- What you have to do -
For the word "unfolding", count the lines of the records that hold it, and give only that number.

----------

lemma signed_mult_closed:
  assumes x: "(\<tau>, e) \<in> signed_alt_carrier k" and y: "(\<sigma>, d) \<in> signed_alt_carrier k"
  shows "signed_mult (\<tau>, e) (\<sigma>, d) \<in> signed_alt_carrier k"
proof -
  note \<tau> = signed_alt_carrierD[OF x] and \<sigma> = signed_alt_carrierD[OF y]
  note \<sigma>_iff = permutes_atLeastAtMost_iff[OF \<sigma>(1)]
  have "\<tau> \<circ> \<sigma> permutes {1..k}" using \<sigma>(1) \<tau>(1) by (rule permutes_compose)
  moreover have "evenperm (\<tau> \<circ> \<sigma>)"
    using \<sigma>(2) \<tau>(2) by (simp add: evenperm_comp[OF permutes_imp_permutation[OF _ \<tau>(1)]
          permutes_imp_permutation[OF _ \<sigma>(1)]])
  moreover have "i \<in> {1..k} \<and> j \<in> {1..k} \<and> i \<noteq> j" if "d (i, j) \<noteq> e (\<sigma> i, \<sigma> j)" for i j
    using that \<sigma>(3)[of i j] \<tau>(3)[of "\<sigma> i" "\<sigma> j"] \<sigma>_iff by auto
  moreover have "((d (i, j) \<noteq> e (\<sigma> i, \<sigma> j)) \<noteq> (d (j, i) \<noteq> e (\<sigma> j, \<sigma> i))) = inverts (\<tau> \<circ> \<sigma>) i j"
    if "i \<in> {1..k}" "j \<in> {1..k}" "i \<noteq> j" for i j
    using that \<sigma>(4)[of i j] \<tau>(4)[of "\<sigma> i" "\<sigma> j"] \<sigma>_iff by (auto simp: inverts_comp)
  ultimately show ?thesis by (simp add: signed_mult_Pair signed_alt_carrier_iff)
qed

lemma signed_inverse:
  fixes \<sigma> :: "nat \<Rightarrow> nat"
  assumes x: "(\<sigma>, d) \<in> signed_alt_carrier k"
  defines "\<rho> \<equiv> Hilbert_Choice.inv \<sigma>"
  shows "(\<rho>, \<lambda>(i, j). d (\<rho> i, \<rho> j)) \<in> signed_alt_carrier k"
    and "signed_mult (\<rho>, \<lambda>(i, j). d (\<rho> i, \<rho> j)) (\<sigma>, d) = (id, \<lambda>_. False)"
proof -
  note \<sigma> = signed_alt_carrierD[OF x]
  have \<rho>: "\<rho> permutes {1..k}" unfolding \<rho>_def using \<sigma>(1) by (rule permutes_inv)
  note \<rho>_iff = permutes_atLeastAtMost_iff[OF \<rho>]
  have \<sigma>\<rho>: "\<sigma> (\<rho> i) = i" "\<rho> (\<sigma> i) = i" for i
    unfolding \<rho>_def using permutes_inverses[OF \<sigma>(1)] by auto
  have "evenperm \<rho>"
    unfolding \<rho>_def using \<sigma>(2) by (simp add: evenperm_inv[OF permutes_imp_permutation[OF _ \<sigma>(1)]])
  moreover have "i \<in> {1..k} \<and> j \<in> {1..k} \<and> i \<noteq> j" if "d (\<rho> i, \<rho> j)" for i j
    using that \<sigma>(3)[of "\<rho> i" "\<rho> j"] \<rho>_iff by auto
  moreover have "(d (\<rho> i, \<rho> j) \<noteq> d (\<rho> j, \<rho> i)) = inverts \<rho> i j"
    if "i \<in> {1..k}" "j \<in> {1..k}" "i \<noteq> j" for i j
    using that \<sigma>(4)[of "\<rho> i" "\<rho> j"] \<rho>_iff by (auto simp: inverts_def \<sigma>\<rho>)
  ultimately show "(\<rho>, \<lambda>(i, j). d (\<rho> i, \<rho> j)) \<in> signed_alt_carrier k"
    using \<rho> by (simp add: signed_alt_carrier_iff)
  show "signed_mult (\<rho>, \<lambda>(i, j). d (\<rho> i, \<rho> j)) (\<sigma>, d) = (id, \<lambda>_. False)"
    by (auto simp: signed_mult_Pair \<sigma>\<rho> fun_eq_iff)
qed

lemma group_signed_alt_group: "group (signed_alt_group k)"
proof (rule groupI)
  show "x \<otimes>\<^bsub>signed_alt_group k\<^esub> y \<in> carrier (signed_alt_group k)"
    if "x \<in> carrier (signed_alt_group k)" "y \<in> carrier (signed_alt_group k)" for x y
    using that signed_mult_closed[of "fst x" "snd x" k "fst y" "snd y"] by (simp add: signed_alt_group_simps)
  show "\<one>\<^bsub>signed_alt_group k\<^esub> \<in> carrier (signed_alt_group k)"
    by (simp add: signed_alt_group_simps signed_alt_carrier_iff inverts_def)
  show "x \<otimes>\<^bsub>signed_alt_group k\<^esub> y \<otimes>\<^bsub>signed_alt_group k\<^esub> z =
        x \<otimes>\<^bsub>signed_alt_group k\<^esub> (y \<otimes>\<^bsub>signed_alt_group k\<^esub> z)" for x y z
    by (auto simp: signed_alt_group_simps signed_mult_def fun_eq_iff)
  show "\<one>\<^bsub>signed_alt_group k\<^esub> \<otimes>\<^bsub>signed_alt_group k\<^esub> x = x" for x
    by (auto simp: signed_alt_group_simps signed_mult_def)
  show "\<exists>y\<in>carrier (signed_alt_group k). y \<otimes>\<^bsub>signed_alt_group k\<^esub> x = \<one>\<^bsub>signed_alt_group k\<^esub>"
    if "x \<in> carrier (signed_alt_group k)" for x
    using that signed_inverse[of "fst x" "snd x" k] by (auto simp: signed_alt_group_simps)
qed

lemma fst_hom_signed_alt_group: "fst \<in> hom (signed_alt_group k) (alt_group k)"
  by (auto simp: hom_def signed_alt_group_simps signed_alt_carrier_def alt_group_carrier
      alt_group_mult signed_mult_def)

definition inversion_signs :: "nat \<Rightarrow> (nat \<Rightarrow> nat) \<Rightarrow> nat \<times> nat \<Rightarrow> bool" where
  "inversion_signs k \<sigma> = (\<lambda>(i, j). i \<in> {1..k} \<and> j \<in> {1..k} \<and> i < j \<and> \<sigma> j < \<sigma> i)"

lemma inversion_signs_in_carrier:
  assumes "\<sigma> permutes {1..k}" "evenperm \<sigma>"
  shows "(\<sigma>, inversion_signs k \<sigma>) \<in> signed_alt_carrier k"
  using assms permutes_atLeastAtMost_iff(2)[OF assms(1)]
  by (auto simp: signed_alt_carrier_iff inversion_signs_def inverts_def linorder_not_less le_less)

lemma toggle_signs_in_carrier:
  assumes "(\<sigma>, d) \<in> signed_alt_carrier k" "i \<in> {1..k}" "j \<in> {1..k}" "i \<noteq> j"
  shows "(\<sigma>, \<lambda>p. d p \<noteq> (t \<and> (p = (i, j) \<or> p = (j, i)))) \<in> signed_alt_carrier k"
  using assms by (auto simp: signed_alt_carrier_iff)

lemma fst_signed_alt_group_surj: "fst ` carrier (signed_alt_group k) = carrier (alt_group k)"
proof
  show "fst ` carrier (signed_alt_group k) \<subseteq> carrier (alt_group k)"
    using fst_hom_signed_alt_group hom_carrier by blast
  show "carrier (alt_group k) \<subseteq> fst ` carrier (signed_alt_group k)"
    using inversion_signs_in_carrier
    by (force simp: alt_group_carrier signed_alt_group_simps)
qed

lemma double_transposition_in_alt_group:
  assumes "k \<ge> 4"
  shows "transpose 1 2 \<circ> transpose 3 4 \<in> carrier (alt_group k)"
proof -
  have t: "transpose 1 2 permutes {1..k}" "transpose 3 4 permutes {1..k}"
    using assms by (auto intro!: permutes_swap_id)
  have "evenperm (transpose 1 2 \<circ> transpose 3 4 :: nat \<Rightarrow> nat)"
    by (subst evenperm_comp[OF permutes_imp_permutation[OF _ t(1)] permutes_imp_permutation[OF _ t(2)]])
      (simp_all add: evenperm_swap)
  with t show ?thesis by (simp add: alt_group_carrier permutes_compose)
qed

lemma double_transposition_no_involutive_lift:
  assumes "k \<ge> 4" and x: "x \<in> carrier (signed_alt_group k)" "fst x = transpose 1 2 \<circ> transpose 3 4"
  shows "x \<otimes>\<^bsub>signed_alt_group k\<^esub> x \<noteq> \<one>\<^bsub>signed_alt_group k\<^esub>"
proof -
  define \<sigma> :: "nat \<Rightarrow> nat" where "\<sigma> = transpose 1 2 \<circ> transpose 3 4"
  obtain d where xd: "x = (\<sigma>, d)" using x(2) unfolding \<sigma>_def by (metis prod.collapse)
  have \<sigma>_12: "\<sigma> 1 = 2" "\<sigma> 2 = 1" by (simp_all add: \<sigma>_def)
  have "inverts \<sigma> 1 2" unfolding inverts_def \<sigma>_12 by simp
  then have "d (1, 2) \<noteq> d (2, 1)"
    using signed_alt_carrierD(4)[of \<sigma> d k 1 2] x(1) assms(1) by (simp add: xd signed_alt_group_simps)
  moreover have "snd (signed_mult x x) (1, 2) = (d (1, 2) \<noteq> d (\<sigma> 1, \<sigma> 2))"
    by (simp add: xd signed_mult_Pair)
  ultimately have "snd (signed_mult x x) (1, 2)" unfolding \<sigma>_12 by simp
  then show ?thesis by (auto simp: signed_alt_group_simps)
qed

lemma signed_alt_group_cover:
  assumes k: "k \<ge> 4"
  shows "nonsplit_elementary_abelian_2_cover (signed_alt_group k) (alt_group k) fst"
proof -
  interpret group_hom "signed_alt_group k" "alt_group k" fst
    by (simp add: group_hom_def group_hom_axioms_def group_signed_alt_group alt_group_is_group
        fst_hom_signed_alt_group)
  show ?thesis
  proof (unfold_locales, unfold alt_group_one)
    show "fst ` carrier (signed_alt_group k) = carrier (alt_group k)" by (rule fst_signed_alt_group_surj)
    let ?x = "(id, \<lambda>p. p = (1, 2) \<or> p = (2, 1)) :: signed_perm"
    have "?x \<in> carrier (signed_alt_group k)"
      using k by (auto simp: signed_alt_group_simps signed_alt_carrier_iff inverts_def)
    moreover have "?x \<noteq> \<one>\<^bsub>signed_alt_group k\<^esub>"
      by (auto simp: signed_alt_group_simps dest: fun_cong[where x = "(1, 2)"])
    ultimately show "\<exists>x\<in>carrier (signed_alt_group k). fst x = id \<and> x \<noteq> \<one>\<^bsub>signed_alt_group k\<^esub>"
      by (intro bexI[of _ ?x]) auto
    show "x \<otimes>\<^bsub>signed_alt_group k\<^esub> y = y \<otimes>\<^bsub>signed_alt_group k\<^esub> x"
      if xy: "x \<in> carrier (signed_alt_group k)" "y \<in> carrier (signed_alt_group k)" "fst x = id" "fst y = id"
      for x y
    proof -
      obtain d e where "x = (id, d)" "y = (id, e)"
        using xy(3,4) by (metis prod.collapse)
      then show ?thesis by (auto simp: signed_alt_group_simps signed_mult_Pair fun_eq_iff)
    qed
    show "x \<otimes>\<^bsub>signed_alt_group k\<^esub> x = \<one>\<^bsub>signed_alt_group k\<^esub>"
      if x: "x \<in> carrier (signed_alt_group k)" "fst x = id" for x
    proof -
      obtain d where "x = (id, d)" using x(2) by (metis prod.collapse)
      then show ?thesis by (auto simp: signed_alt_group_simps signed_mult_Pair fun_eq_iff)
    qed
    have "(transpose 1 2 \<circ> transpose 3 4) \<otimes>\<^bsub>alt_group k\<^esub> (transpose 1 2 \<circ> transpose 3 4) = id"
      by (auto simp: alt_group_mult fun_eq_iff transpose_def)
    then show "\<exists>q\<in>carrier (alt_group k). q \<otimes>\<^bsub>alt_group k\<^esub> q = id \<and>
        (\<forall>x\<in>carrier (signed_alt_group k). fst x = q \<longrightarrow>
           x \<otimes>\<^bsub>signed_alt_group k\<^esub> x \<noteq> \<one>\<^bsub>signed_alt_group k\<^esub>)"
      using double_transposition_in_alt_group[OF k] double_transposition_no_involutive_lift[OF k] by blast
  qed
qed

definition signed_pairs :: "nat \<Rightarrow> (nat \<times> nat \<times> bool) set" where
  "signed_pairs k = (SIGMA i:{1..k}. ({1..k} - {i}) \<times> UNIV)"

----------

- Solution for this problem -
6